→ **Instructions to follow**
Wherever "close" occurs in the entries, copy the line that holds it.

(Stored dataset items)
----------------------------------------
lemma emeasure_rings_first_restart_cylinder:
  assumes \<delta>: "\<delta> > -1" and w: "w \<in> {1..a}" and J: "finite J" "J \<subseteq> clock_index"
    and A: "\<And>j. j \<in> J \<Longrightarrow> A j \<in> sets borel"
  shows "emeasure (clock_space \<delta> c) {F \<in> space (clock_space \<delta> c). rings_first a F w \<and> (\<forall>j\<in>J. restart a w F j \<in> A j)}
    = ennreal (clock_rate \<delta> c (w, 0) / (\<Sum>i=1..a. clock_rate \<delta> c (i, 0)))
      * (\<Prod>j\<in>J. emeasure (exp_measure (clock_rate \<delta> (c(w := Suc (c w))) j)) (A j))"
proof -
  define r where "r = clock_rate \<delta> c"
  define r' where "r' = clock_rate \<delta> (c(w := Suc (c w)))"
  define M where "M = (\<lambda>p. exp_measure (r p))"
  \<comment> \<open>In terms of the original clocks the event is a race of \<open>F (w, 0)\<close> against the rivals
    \<open>R\<close>, whose overshoots must lie in \<open>A\<close>; the restarted clocks of \<open>w\<close> are its clocks \<open>J2\<close>
    shifted down by one, and the clocks in \<open>J1\<close> are unchanged.\<close>
  define R where "R = rivals a w"
  define Jw where "Jw = {j\<in>J. fst j = w}"
  define J1 where "J1 = {j\<in>J. fst j \<noteq> w \<and> j \<notin> R}"
  define J2 where "J2 = (\<lambda>j. (w, Suc (snd j))) ` Jw"
  define K where "K = R \<union> J1 \<union> J2"
  define H where "H = (\<lambda>l. if l \<in> R then (if l \<in> J then A l else UNIV)
                       else if l \<in> J2 then A (w, snd l - 1) else A l)"
  define X where "X = {x \<in> space (PiM (insert (w, 0) K) M).
                         \<forall>l\<in>K. if l \<in> R then x (w, 0) < x l \<and> x l - x (w, 0) \<in> H l else x l \<in> H l}"
  interpret product_prob_space M clock_index
    unfolding M_def r_def by (rule product_prob_space_clocks[OF \<delta>])
  have r: "\<And>p. r p > 0"
    unfolding r_def by (rule clock_rate_pos[OF \<delta>])
  have finite: "finite R" "finite Jw" "finite J1" "finite J2" "finite K"
    using J(1) by (simp_all add: R_def rivals_def Jw_def J1_def J2_def K_def)
  have disjoint: "R \<inter> J1 = {}" "R \<inter> J2 = {}" "J1 \<inter> J2 = {}"
    by (auto simp: R_def rivals_def J1_def J2_def Jw_def)
  have wK: "(w, 0) \<notin> K"
    by (auto simp: K_def R_def rivals_def J1_def J2_def)
  have K: "insert (w, 0) K \<subseteq> clock_index"
    using w J(2) by (auto simp: K_def R_def rivals_def J1_def J2_def Jw_def clock_index_def)
  have H_R: "H l = (if l \<in> J then A l else UNIV)" if "l \<in> R" for l
    using that by (simp add: H_def)
  have H_J1: "H l = A l" if "l \<in> J1" for l
    using that disjoint by (auto simp: H_def)
  have H_J2: "H l = A (w, snd l - 1)" if "l \<in> J2" for l
    using that disjoint by (auto simp: H_def)
  have H: "H l \<in> sets borel" if "l \<in> K" for l
    using that A by (auto simp: H_def K_def J1_def J2_def Jw_def)
  have event: "{F \<in> space (clock_space \<delta> c). rings_first a F w \<and> (\<forall>j\<in>J. restart a w F j \<in> A j)}
      = prod_emb clock_index M (insert (w, 0) K) X"
  proof -
    have pointwise: "(\<forall>l\<in>K. if l \<in> R then F (w, 0) < F l \<and> F l - F (w, 0) \<in> H l else F l \<in> H l)
        \<longleftrightarrow> rings_first a F w \<and> (\<forall>j\<in>J. restart a w F j \<in> A j)" for F
    proof -
      have "(\<forall>l\<in>K. if l \<in> R then F (w, 0) < F l \<and> F l - F (w, 0) \<in> H l else F l \<in> H l)
          \<longleftrightarrow> (\<forall>l\<in>R. F (w, 0) < F l \<and> F l - F (w, 0) \<in> H l) \<and> (\<forall>l\<in>J2. F l \<in> H l) \<and> (\<forall>l\<in>J1. F l \<in> H l)"
        using disjoint unfolding K_def ball_Un by (auto simp: disjoint_iff)
      also have "\<dots> \<longleftrightarrow> (\<forall>l\<in>R. F (w, 0) < F l \<and> (l \<in> J \<longrightarrow> F l - F (w, 0) \<in> A l))
          \<and> (\<forall>j\<in>J. fst j = w \<longrightarrow> F (w, Suc (snd j)) \<in> A j) \<and> (\<forall>j\<in>J. fst j \<noteq> w \<and> j \<notin> R \<longrightarrow> F j \<in> A j)"
      proof (intro conj_cong)
        show "(\<forall>l\<in>R. F (w, 0) < F l \<and> F l - F (w, 0) \<in> H l)
            \<longleftrightarrow> (\<forall>l\<in>R. F (w, 0) < F l \<and> (l \<in> J \<longrightarrow> F l - F (w, 0) \<in> A l))"
          using H_R by (intro ball_cong refl) auto
        have "(\<forall>l\<in>J2. F l \<in> H l) \<longleftrightarrow> (\<forall>l\<in>J2. F l \<in> A (w, snd l - 1))"
          using H_J2 by (intro ball_cong refl) auto
        then show "(\<forall>l\<in>J2. F l \<in> H l) \<longleftrightarrow> (\<forall>j\<in>J. fst j = w \<longrightarrow> F (w, Suc (snd j)) \<in> A j)"
          by (auto simp: J2_def Jw_def)
        show "(\<forall>l\<in>J1. F l \<in> H l) \<longleftrightarrow> (\<forall>j\<in>J. fst j \<noteq> w \<and> j \<notin> R \<longrightarrow> F j \<in> A j)"
          using H_J1 unfolding J1_def by auto
      qed
      finally show ?thesis
        unfolding rings_first_restart_iff[OF w J(2)] R_def .
    qed
    moreover have "prod_emb clock_index M (insert (w, 0) K) X = {F \<in> space clock_borel.
        \<forall>l\<in>K. if l \<in> R then F (w, 0) < F l \<and> F l - F (w, 0) \<in> H l else F l \<in> H l}"
      by (auto simp: prod_emb_def X_def space_PiM M_def PiE_iff extensional_def)
    ultimately show ?thesis
      by (simp add: space_clock_space)
  qed
  have "emeasure (clock_space \<delta> c) (prod_emb clock_index M (insert (w, 0) K) X)
      = emeasure (PiM (insert (w, 0) K) M) X"
  proof (unfold clock_space_def, fold r_def, fold M_def, rule emeasure_PiM_emb'[OF K])
    show "X \<in> sets (PiM (insert (w, 0) K) M)"
      unfolding X_def M_def by (rule sets_exponential_race_event[OF finite(5) H])
  qed (use finite in simp)
  also have "\<dots> = ennreal (r (w, 0) / (r (w, 0) + (\<Sum>l\<in>R. r l))) * (\<Prod>l\<in>K. emeasure (M l) (H l))"
    unfolding X_def M_def by (rule emeasure_exponential_race[OF finite(5) wK r _ H]) (auto simp: K_def)
  also have "r (w, 0) + (\<Sum>l\<in>R. r l) = (\<Sum>i=1..a. r (i, 0))"
    using w sum.remove[of "{1..a}" w "\<lambda>i. r (i, 0)"] by (simp add: R_def rivals_def sum.reindex inj_on_def)
  also have "(\<Prod>l\<in>K. emeasure (M l) (H l)) = (\<Prod>j\<in>J. emeasure (exp_measure (r' j)) (A j))"
  proof -
    have same_rate: "r' l = r l" if "fst l \<noteq> w" for l
      using that by (simp add: r_def r'_def clock_rate_def)
    have on_rivals: "(\<Prod>l\<in>R. emeasure (M l) (H l)) = (\<Prod>l\<in>J \<inter> R. emeasure (exp_measure (r' l)) (A l))"
    proof -
      have "(\<Prod>l\<in>J \<inter> R. emeasure (exp_measure (r' l)) (A l)) = (\<Prod>l\<in>R. if l \<in> J then emeasure (exp_measure (r' l)) (A l) else 1)"
      proof -
        have "J \<inter> R = {l \<in> R. l \<in> J}"
          by blast
        then show ?thesis
          by (simp only: prod.inter_filter[OF finite(1)])
      qed
      also have "\<dots> = (\<Prod>l\<in>R. emeasure (M l) (H l))"
        by (intro prod.cong refl)
           (auto simp: H_def M_def R_def rivals_def same_rate emeasure_exp_measure_UNIV[OF r])
      finally show ?thesis by simp
    qed
    have on_J1: "(\<Prod>l\<in>J1. emeasure (M l) (H l)) = (\<Prod>l\<in>J1. emeasure (exp_measure (r' l)) (A l))"
      using disjoint by (intro prod.cong refl) (auto simp: H_def M_def J1_def same_rate)
    have on_J2: "(\<Prod>l\<in>J2. emeasure (M l) (H l)) = (\<Prod>j\<in>Jw. emeasure (exp_measure (r' j)) (A j))"
    proof -
      have "inj_on (\<lambda>j. (w, Suc (snd j))) Jw"
        by (auto simp: Jw_def inj_on_def)
      moreover have "emeasure (M (w, Suc (snd j))) (H (w, Suc (snd j))) = emeasure (exp_measure (r' j)) (A j)"
        if "j \<in> Jw" for j
      proof -
        have "(w, Suc (snd j)) \<in> J2"
          using that by (auto simp: J2_def)
        then show ?thesis
          using that by (cases j) (auto simp: H_J2 M_def Jw_def r_def r'_def clock_rate_def)
      qed
      ultimately show ?thesis
        unfolding J2_def by (simp add: prod.reindex)
    qed
    have split_J: "J = ((J \<inter> R) \<union> J1) \<union> Jw" "(J \<inter> R) \<inter> J1 = {}" "((J \<inter> R) \<union> J1) \<inter> Jw = {}"
      by (auto simp: J1_def Jw_def R_def rivals_def)
    have "(\<Prod>j\<in>J. emeasure (exp_measure (r' j)) (A j))
        = (\<Prod>l\<in>(J \<inter> R) \<union> J1. emeasure (exp_measure (r' l)) (A l)) * (\<Prod>j\<in>Jw. emeasure (exp_measure (r' j)) (A j))"
      by (subst split_J(1), rule prod.union_disjoint) (use finite split_J in auto)
    also have "(\<Prod>l\<in>(J \<inter> R) \<union> J1. emeasure (exp_measure (r' l)) (A l))
        = (\<Prod>l\<in>J \<inter> R. emeasure (exp_measure (r' l)) (A l)) * (\<Prod>l\<in>J1. emeasure (exp_measure (r' l)) (A l))"
      by (rule prod.union_disjoint) (use finite split_J in auto)
    finally have "(\<Prod>j\<in>J. emeasure (exp_measure (r' j)) (A j))
        = (\<Prod>l\<in>J \<inter> R. emeasure (exp_measure (r' l)) (A l)) * (\<Prod>l\<in>J1. emeasure (exp_measure (r' l)) (A l))
          * (\<Prod>j\<in>Jw. emeasure (exp_measure (r' j)) (A j))" .
    moreover have "(\<Prod>l\<in>K. emeasure (M l) (H l))
        = (\<Prod>l\<in>R. emeasure (M l) (H l)) * (\<Prod>l\<in>J1. emeasure (M l) (H l)) * (\<Prod>l\<in>J2. emeasure (M l) (H l))"
      using finite disjoint unfolding K_def by (simp add: prod.union_disjoint Int_Un_distrib2)
    ultimately show ?thesis
      using on_rivals on_J1 on_J2 by simp
  qed
  finally show ?thesis
    unfolding event r_def r'_def .
qed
----------------------------------------
→ **Expected output**
  \<comment> \<open>In terms of the original clocks the event is a race of \<open>F (w, 0)\<close> against the rivals
    \<open>R\<close>, whose overshoots must lie in \<open>A\<close>; the restarted clocks of \<open>w\<close> are its clocks \<open>J2\<close>
    shifted down by one, and the clocks in \<open>J1\<close> are unchanged.\<close>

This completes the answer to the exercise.